I’m 27, and convinced that I just know I’m going to get cancer or something and die early. Does anyone else feel like this? I know it’s impossible to know, but I just feel like deep down I know this will happen. Even as I type this I know it’s silly, but just wondered if anyone else gets convinced by things like this? This part of my HA then brings on depression because it makes me think what’s the point and I find it hard to enjoy anything.

And - just to add - I don’t have anything to base this one. My Nan is 95 years old and has actually been told by doctors she’s remarkable for her age. My other nan died young from an accident, but was diagnosed with breast cancer in her late forties.

BlueIris
31-08-19, 15:16
Magical thinking, nothing more. You're going to be absolutely fine.

Fishmanpa
31-08-19, 15:21
I’m 27, and convinced that I just know I’m going to get cancer or something and die early.

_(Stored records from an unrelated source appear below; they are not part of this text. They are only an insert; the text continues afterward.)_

text \<open>Nash-Williams' minimal bad sequence construction, abstracted: choose the terms one
  at a time, each time minimising the rank of the next term over all P-sequences extending
  the prefix chosen so far. This needs P to be determined by the finite prefixes.\<close>

lemma minimal_sequence:
  fixes P :: "(nat \<Rightarrow> 'b) \<Rightarrow> bool" and rank :: "'b \<Rightarrow> 'c \<Rightarrow> bool" and le :: "'c \<Rightarrow> 'c \<Rightarrow> bool"
  assumes least: "\<And>C. C \<subseteq> T \<Longrightarrow> C \<noteq> {} \<Longrightarrow> \<exists>m\<in>C. \<forall>c\<in>C. le m c"
    and ranked: "\<And>z n. P z \<Longrightarrow> \<exists>r\<in>T. rank (z n) r"
    and prefix_closed: "\<And>z. (\<And>n. \<exists>z'. P z' \<and> (\<forall>i\<le>n. z' i = z i)) \<Longrightarrow> P z"
    and "P z0"
  shows "\<exists>z \<rho>. P z \<and> (\<forall>n. \<rho> n \<in> T \<and> rank (z n) (\<rho> n)) \<and>
    (\<forall>N z' r. P z' \<and> (\<forall>i<N. z' i = z i) \<and> r \<in> T \<and> rank (z' N) r \<longrightarrow> le (\<rho> N) r)"
proof -
  define minimal where "minimal p n zr \<longleftrightarrow> P (fst zr) \<and> (\<forall>i<n. fst zr i = p i) \<and>
      snd zr \<in> T \<and> rank (fst zr n) (snd zr) \<and>
      (\<forall>z' r'. P z' \<and> (\<forall>i<n. z' i = p i) \<and> r' \<in> T \<and> rank (z' n) r' \<longrightarrow> le (snd zr) r')"
    for p n zr
  define ext where "ext p n = (SOME zr. minimal p n zr)" for p n
  have ext: "minimal p n (ext p n)" if "P z'" "\<forall>i<n. z' i = p i" for z' p n
  proof -
    define C where "C = {r\<in>T. \<exists>z. P z \<and> (\<forall>i<n. z i = p i) \<and> rank (z n) r}"
    have "C \<noteq> {}"
      using ranked[of z' n] that unfolding C_def by blast
    then obtain m where "m \<in> C" "\<forall>c\<in>C. le m c"
      using least[of C] unfolding C_def by blast
    then obtain z where "minimal p n (z, m)"
      unfolding C_def minimal_def by auto
    then show ?thesis unfolding ext_def by (rule someI)
  qed
  define prefix where "prefix = rec_nat (\<lambda>_. undefined) (\<lambda>n p. p(n := fst (ext p n) n))"
  have prefix_Suc: "prefix (Suc n) = (prefix n)(n := fst (ext (prefix n) n) n)" for n
    by (simp add: prefix_def)
  have extendable: "\<exists>z'. P z' \<and> (\<forall>i<n. z' i = prefix n i)" for n
  proof (induction n)
    case 0
    then show ?case using \<open>P z0\<close> by blast
  next
    case (Suc n)
    then have "minimal (prefix n) n (ext (prefix n) n)"
      using ext by blast
    then show ?case
      unfolding minimal_def by (intro exI[of _ "fst (ext (prefix n) n)"]) (auto simp: prefix_Suc less_Suc_eq)
  qed
  define z where "z n = fst (ext (prefix n) n) n" for n
  define \<rho> where "\<rho> n = snd (ext (prefix n) n)" for n
  have min: "minimal (prefix n) n (ext (prefix n) n)" for n
    using extendable ext by blast
  have prefix_z: "i < n \<Longrightarrow> prefix n i = z i" for i n
    by (induction n) (auto simp: prefix_Suc z_def less_Suc_eq)
  have "P z"
  proof (rule prefix_closed)
    fix n
    obtain z' where "P z'" "\<forall>i<Suc n. z' i = prefix (Suc n) i"
      using extendable by blast
    then show "\<exists>z'. P z' \<and> (\<forall>i\<le>n. z' i = z i)"
      using prefix_z by (intro exI[of _ z']) auto
  qed
  moreover have "\<rho> n \<in> T \<and> rank (z n) (\<rho> n)" for n
    using min[of n] unfolding minimal_def z_def \<rho>_def by blast
  moreover have "le (\<rho> N) r" if "P z'" "\<forall>i<N. z' i = z i" "r \<in> T" "rank (z' N) r" for N z' r
    using min[of N] that prefix_z unfolding minimal_def \<rho>_def by auto
  ultimately show ?thesis by blast
qed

Does anyone else feel like this?

Just about everyone here ;)

Positive thoughts

Scass
31-08-19, 16:45
Hello!
Yes, that feeling of dread is a big symptom of anxiety.
So many of us live by “what if .... happens” instead of being in the present. It’s a really hard habit to shake.

BrokenGirl
01-09-19, 02:48
Completely agree with all of the other replies. So many people on here, including myself, feel or have felt exactly what you describe. For me it comes and goes. When you do feel like that, just tell yourself that it's only a thought and it will pass, sometimes more quickly than others. Easier said than done I know, but you're definitely not alone on this one.

carriewriting
10-09-19, 11:48
You are not alone. I think most people here feel like they are a ticking health bomb. That's the anxiety talking. All you can do is keep reminding yourself that it's just a thought - a scary one, but just a thought. Hugs.